SUPPLIED RECORDS below:

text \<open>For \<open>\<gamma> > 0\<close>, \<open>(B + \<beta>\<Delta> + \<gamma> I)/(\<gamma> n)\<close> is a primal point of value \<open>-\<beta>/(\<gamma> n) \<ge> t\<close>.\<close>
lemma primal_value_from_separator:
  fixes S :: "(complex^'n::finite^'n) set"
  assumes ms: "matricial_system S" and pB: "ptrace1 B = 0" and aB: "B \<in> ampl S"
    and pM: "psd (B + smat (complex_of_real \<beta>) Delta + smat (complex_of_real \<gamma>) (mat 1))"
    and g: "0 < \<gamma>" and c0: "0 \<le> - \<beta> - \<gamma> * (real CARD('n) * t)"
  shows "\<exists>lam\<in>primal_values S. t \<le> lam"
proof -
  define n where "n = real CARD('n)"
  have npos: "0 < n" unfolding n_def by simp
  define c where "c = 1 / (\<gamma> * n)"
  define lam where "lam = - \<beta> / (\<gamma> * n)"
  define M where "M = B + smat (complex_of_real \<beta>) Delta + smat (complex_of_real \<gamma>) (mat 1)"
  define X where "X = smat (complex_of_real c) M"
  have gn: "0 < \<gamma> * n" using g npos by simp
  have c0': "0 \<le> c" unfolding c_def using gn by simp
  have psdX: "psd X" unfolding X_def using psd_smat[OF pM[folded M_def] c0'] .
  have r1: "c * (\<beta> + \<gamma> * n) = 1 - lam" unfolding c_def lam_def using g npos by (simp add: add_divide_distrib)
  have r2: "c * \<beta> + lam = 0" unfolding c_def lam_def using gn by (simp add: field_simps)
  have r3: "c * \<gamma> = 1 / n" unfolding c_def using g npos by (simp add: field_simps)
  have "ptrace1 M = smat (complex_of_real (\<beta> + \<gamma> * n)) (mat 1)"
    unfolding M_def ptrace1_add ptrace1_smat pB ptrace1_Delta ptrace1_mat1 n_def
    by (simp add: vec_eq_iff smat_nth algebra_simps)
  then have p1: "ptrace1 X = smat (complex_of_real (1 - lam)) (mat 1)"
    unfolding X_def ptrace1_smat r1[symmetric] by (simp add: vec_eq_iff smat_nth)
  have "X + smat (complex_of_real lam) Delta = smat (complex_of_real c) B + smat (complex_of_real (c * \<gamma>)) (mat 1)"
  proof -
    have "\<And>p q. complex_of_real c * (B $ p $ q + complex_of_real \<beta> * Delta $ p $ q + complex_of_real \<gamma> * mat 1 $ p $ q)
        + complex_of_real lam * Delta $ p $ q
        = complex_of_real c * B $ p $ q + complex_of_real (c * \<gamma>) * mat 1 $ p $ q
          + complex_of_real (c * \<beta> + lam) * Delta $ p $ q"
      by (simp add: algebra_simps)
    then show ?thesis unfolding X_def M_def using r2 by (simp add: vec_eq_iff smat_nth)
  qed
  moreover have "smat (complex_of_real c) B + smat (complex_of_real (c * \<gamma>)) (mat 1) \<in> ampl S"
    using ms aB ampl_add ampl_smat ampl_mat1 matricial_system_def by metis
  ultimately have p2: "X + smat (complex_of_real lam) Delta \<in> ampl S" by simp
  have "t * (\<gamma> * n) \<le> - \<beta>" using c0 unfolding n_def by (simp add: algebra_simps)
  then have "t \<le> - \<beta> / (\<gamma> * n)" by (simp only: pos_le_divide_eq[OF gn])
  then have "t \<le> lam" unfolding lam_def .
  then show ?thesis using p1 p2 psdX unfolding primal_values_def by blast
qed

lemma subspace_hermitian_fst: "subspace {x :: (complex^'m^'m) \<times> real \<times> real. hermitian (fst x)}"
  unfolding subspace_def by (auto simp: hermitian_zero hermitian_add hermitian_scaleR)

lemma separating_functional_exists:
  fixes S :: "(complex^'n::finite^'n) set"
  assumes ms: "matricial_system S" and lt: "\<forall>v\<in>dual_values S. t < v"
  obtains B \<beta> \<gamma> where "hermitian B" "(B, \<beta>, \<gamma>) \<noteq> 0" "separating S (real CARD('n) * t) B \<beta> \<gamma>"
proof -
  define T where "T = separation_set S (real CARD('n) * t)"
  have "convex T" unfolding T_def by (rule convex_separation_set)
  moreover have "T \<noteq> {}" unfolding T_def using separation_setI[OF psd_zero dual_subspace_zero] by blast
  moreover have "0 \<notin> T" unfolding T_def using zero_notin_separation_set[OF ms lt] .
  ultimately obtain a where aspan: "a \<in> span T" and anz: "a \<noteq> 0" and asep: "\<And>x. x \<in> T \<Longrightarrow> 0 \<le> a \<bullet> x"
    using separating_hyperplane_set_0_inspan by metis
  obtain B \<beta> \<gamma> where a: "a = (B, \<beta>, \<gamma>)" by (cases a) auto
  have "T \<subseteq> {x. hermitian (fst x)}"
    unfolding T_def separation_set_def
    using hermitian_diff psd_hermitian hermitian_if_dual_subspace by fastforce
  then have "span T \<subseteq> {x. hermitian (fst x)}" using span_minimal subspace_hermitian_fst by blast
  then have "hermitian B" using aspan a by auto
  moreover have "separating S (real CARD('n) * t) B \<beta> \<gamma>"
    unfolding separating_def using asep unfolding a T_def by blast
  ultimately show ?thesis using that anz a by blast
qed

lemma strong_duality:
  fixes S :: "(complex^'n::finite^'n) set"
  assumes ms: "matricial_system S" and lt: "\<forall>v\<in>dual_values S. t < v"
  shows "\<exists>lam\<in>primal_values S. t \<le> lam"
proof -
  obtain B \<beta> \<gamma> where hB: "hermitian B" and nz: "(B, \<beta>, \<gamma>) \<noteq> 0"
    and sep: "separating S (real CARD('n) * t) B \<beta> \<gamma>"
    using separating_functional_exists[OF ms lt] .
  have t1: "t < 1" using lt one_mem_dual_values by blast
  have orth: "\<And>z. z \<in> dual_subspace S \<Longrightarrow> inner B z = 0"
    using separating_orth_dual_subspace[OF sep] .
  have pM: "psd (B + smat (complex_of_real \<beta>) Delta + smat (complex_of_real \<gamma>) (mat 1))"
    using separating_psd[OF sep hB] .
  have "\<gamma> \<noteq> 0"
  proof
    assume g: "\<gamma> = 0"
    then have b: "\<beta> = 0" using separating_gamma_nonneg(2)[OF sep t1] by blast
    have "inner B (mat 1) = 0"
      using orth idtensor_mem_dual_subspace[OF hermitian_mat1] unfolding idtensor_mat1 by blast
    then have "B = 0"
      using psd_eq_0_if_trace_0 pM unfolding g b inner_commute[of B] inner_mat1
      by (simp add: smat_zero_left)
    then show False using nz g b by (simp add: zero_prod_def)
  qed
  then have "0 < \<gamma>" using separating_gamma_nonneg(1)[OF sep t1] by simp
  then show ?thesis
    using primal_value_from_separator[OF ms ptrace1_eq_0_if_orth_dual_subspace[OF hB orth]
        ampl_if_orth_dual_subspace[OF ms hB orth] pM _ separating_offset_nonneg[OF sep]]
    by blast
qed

End of SUPPLIED RECORDS.

What you need to do is retype all the entries exactly as written.

- [OUTPUT]
text \<open>For \<open>\<gamma> > 0\<close>, \<open>(B + \<beta>\<Delta> + \<gamma> I)/(\<gamma> n)\<close> is a primal point of value \<open>-\<beta>/(\<gamma> n) \<ge> t\<close>.\<close>
lemma primal_value_from_separator:
  fixes S :: "(complex^'n::finite^'n) set"
  assumes ms: "matricial_system S" and pB: "ptrace1 B = 0" and aB: "B \<in> ampl S"
    and pM: "psd (B + smat (complex_of_real \<beta>) Delta + smat (complex_of_real \<gamma>) (mat 1))"
    and g: "0 < \<gamma>" and c0: "0 \<le> - \<beta> - \<gamma> * (real CARD('n) * t)"
  shows "\<exists>lam\<in>primal_values S. t \<le> lam"
proof -
  define n where "n = real CARD('n)"
  have npos: "0 < n" unfolding n_def by simp
  define c where "c = 1 / (\<gamma> * n)"
  define lam where "lam = - \<beta> / (\<gamma> * n)"
  define M where "M = B + smat (complex_of_real \<beta>) Delta + smat (complex_of_real \<gamma>) (mat 1)"
  define X where "X = smat (complex_of_real c) M"
  have gn: "0 < \<gamma> * n" using g npos by simp
  have c0': "0 \<le> c" unfolding c_def using gn by simp
  have psdX: "psd X" unfolding X_def using psd_smat[OF pM[folded M_def] c0'] .
  have r1: "c * (\<beta> + \<gamma> * n) = 1 - lam" unfolding c_def lam_def using g npos by (simp add: add_divide_distrib)
  have r2: "c * \<beta> + lam = 0" unfolding c_def lam_def using gn by (simp add: field_simps)
  have r3: "c * \<gamma> = 1 / n" unfolding c_def using g npos by (simp add: field_simps)
  have "ptrace1 M = smat (complex_of_real (\<beta> + \<gamma> * n)) (mat 1)"
    unfolding M_def ptrace1_add ptrace1_smat pB ptrace1_Delta ptrace1_mat1 n_def
    by (simp add: vec_eq_iff smat_nth algebra_simps)
  then have p1: "ptrace1 X = smat (complex_of_real (1 - lam)) (mat 1)"
    unfolding X_def ptrace1_smat r1[symmetric] by (simp add: vec_eq_iff smat_nth)
  have "X + smat (complex_of_real lam) Delta = smat (complex_of_real c) B + smat (complex_of_real (c * \<gamma>)) (mat 1)"
  proof -
    have "\<And>p q. complex_of_real c * (B $ p $ q + complex_of_real \<beta> * Delta $ p $ q + complex_of_real \<gamma> * mat 1 $ p $ q)
        + complex_of_real lam * Delta $ p $ q
        = complex_of_real c * B $ p $ q + complex_of_real (c * \<gamma>) * mat 1 $ p $ q
          + complex_of_real (c * \<beta> + lam) * Delta $ p $ q"
      by (simp add: algebra_simps)
    then show ?thesis unfolding X_def M_def using r2 by (simp add: vec_eq_iff smat_nth)
  qed
  moreover have "smat (complex_of_real c) B + smat (complex_of_real (c * \<gamma>)) (mat 1) \<in> ampl S"
    using ms aB ampl_add ampl_smat ampl_mat1 matricial_system_def by metis
  ultimately have p2: "X + smat (complex_of_real lam) Delta \<in> ampl S" by simp
  have "t * (\<gamma> * n) \<le> - \<beta>" using c0 unfolding n_def by (simp add: algebra_simps)
  then have "t \<le> - \<beta> / (\<gamma> * n)" by (simp only: pos_le_divide_eq[OF gn])
  then have "t \<le> lam" unfolding lam_def .
  then show ?thesis using p1 p2 psdX unfolding primal_values_def by blast
qed

lemma subspace_hermitian_fst: "subspace {x :: (complex^'m^'m) \<times> real \<times> real. hermitian (fst x)}"
  unfolding subspace_def by (auto simp: hermitian_zero hermitian_add hermitian_scaleR)

lemma separating_functional_exists:
  fixes S :: "(complex^'n::finite^'n) set"
  assumes ms: "matricial_system S" and lt: "\<forall>v\<in>dual_values S. t < v"
  obtains B \<beta> \<gamma> where "hermitian B" "(B, \<beta>, \<gamma>) \<noteq> 0" "separating S (real CARD('n) * t) B \<beta> \<gamma>"
proof -
  define T where "T = separation_set S (real CARD('n) * t)"
  have "convex T" unfolding T_def by (rule convex_separation_set)
  moreover have "T \<noteq> {}" unfolding T_def using separation_setI[OF psd_zero dual_subspace_zero] by blast
  moreover have "0 \<notin> T" unfolding T_def using zero_notin_separation_set[OF ms lt] .
  ultimately obtain a where aspan: "a \<in> span T" and anz: "a \<noteq> 0" and asep: "\<And>x. x \<in> T \<Longrightarrow> 0 \<le> a \<bullet> x"
    using separating_hyperplane_set_0_inspan by metis
  obtain B \<beta> \<gamma> where a: "a = (B, \<beta>, \<gamma>)" by (cases a) auto
  have "T \<subseteq> {x. hermitian (fst x)}"
    unfolding T_def separation_set_def
    using hermitian_diff psd_hermitian hermitian_if_dual_subspace by fastforce
  then have "span T \<subseteq> {x. hermitian (fst x)}" using span_minimal subspace_hermitian_fst by blast
  then have "hermitian B" using aspan a by auto
  moreover have "separating S (real CARD('n) * t) B \<beta> \<gamma>"
    unfolding separating_def using asep unfolding a T_def by blast
  ultimately show ?thesis using that anz a by blast
qed

lemma strong_duality:
  fixes S :: "(complex^'n::finite^'n) set"
  assumes ms: "matricial_system S" and lt: "\<forall>v\<in>dual_values S. t < v"
  shows "\<exists>lam\<in>primal_values S. t \<le> lam"
proof -
  obtain B \<beta> \<gamma> where hB: "hermitian B" and nz: "(B, \<beta>, \<gamma>) \<noteq> 0"
    and sep: "separating S (real CARD('n) * t) B \<beta> \<gamma>"
    using separating_functional_exists[OF ms lt] .
  have t1: "t < 1" using lt one_mem_dual_values by blast
  have orth: "\<And>z. z \<in> dual_subspace S \<Longrightarrow> inner B z = 0"
    using separating_orth_dual_subspace[OF sep] .
  have pM: "psd (B + smat (complex_of_real \<beta>) Delta + smat (complex_of_real \<gamma>) (mat 1))"
    using separating_psd[OF sep hB] .
  have "\<gamma> \<noteq> 0"
  proof
    assume g: "\<gamma> = 0"
    then have b: "\<beta> = 0" using separating_gamma_nonneg(2)[OF sep t1] by blast
    have "inner B (mat 1) = 0"
      using orth idtensor_mem_dual_subspace[OF hermitian_mat1] unfolding idtensor_mat1 by blast
    then have "B = 0"
      using psd_eq_0_if_trace_0 pM unfolding g b inner_commute[of B] inner_mat1
      by (simp add: smat_zero_left)
    then show False using nz g b by (simp add: zero_prod_def)
  qed
  then have "0 < \<gamma>" using separating_gamma_nonneg(1)[OF sep t1] by simp
  then show ?thesis
    using primal_value_from_separator[OF ms ptrace1_eq_0_if_orth_dual_subspace[OF hB orth]
        ampl_if_orth_dual_subspace[OF ms hB orth] pM _ separating_offset_nonneg[OF sep]]
    by blast
qed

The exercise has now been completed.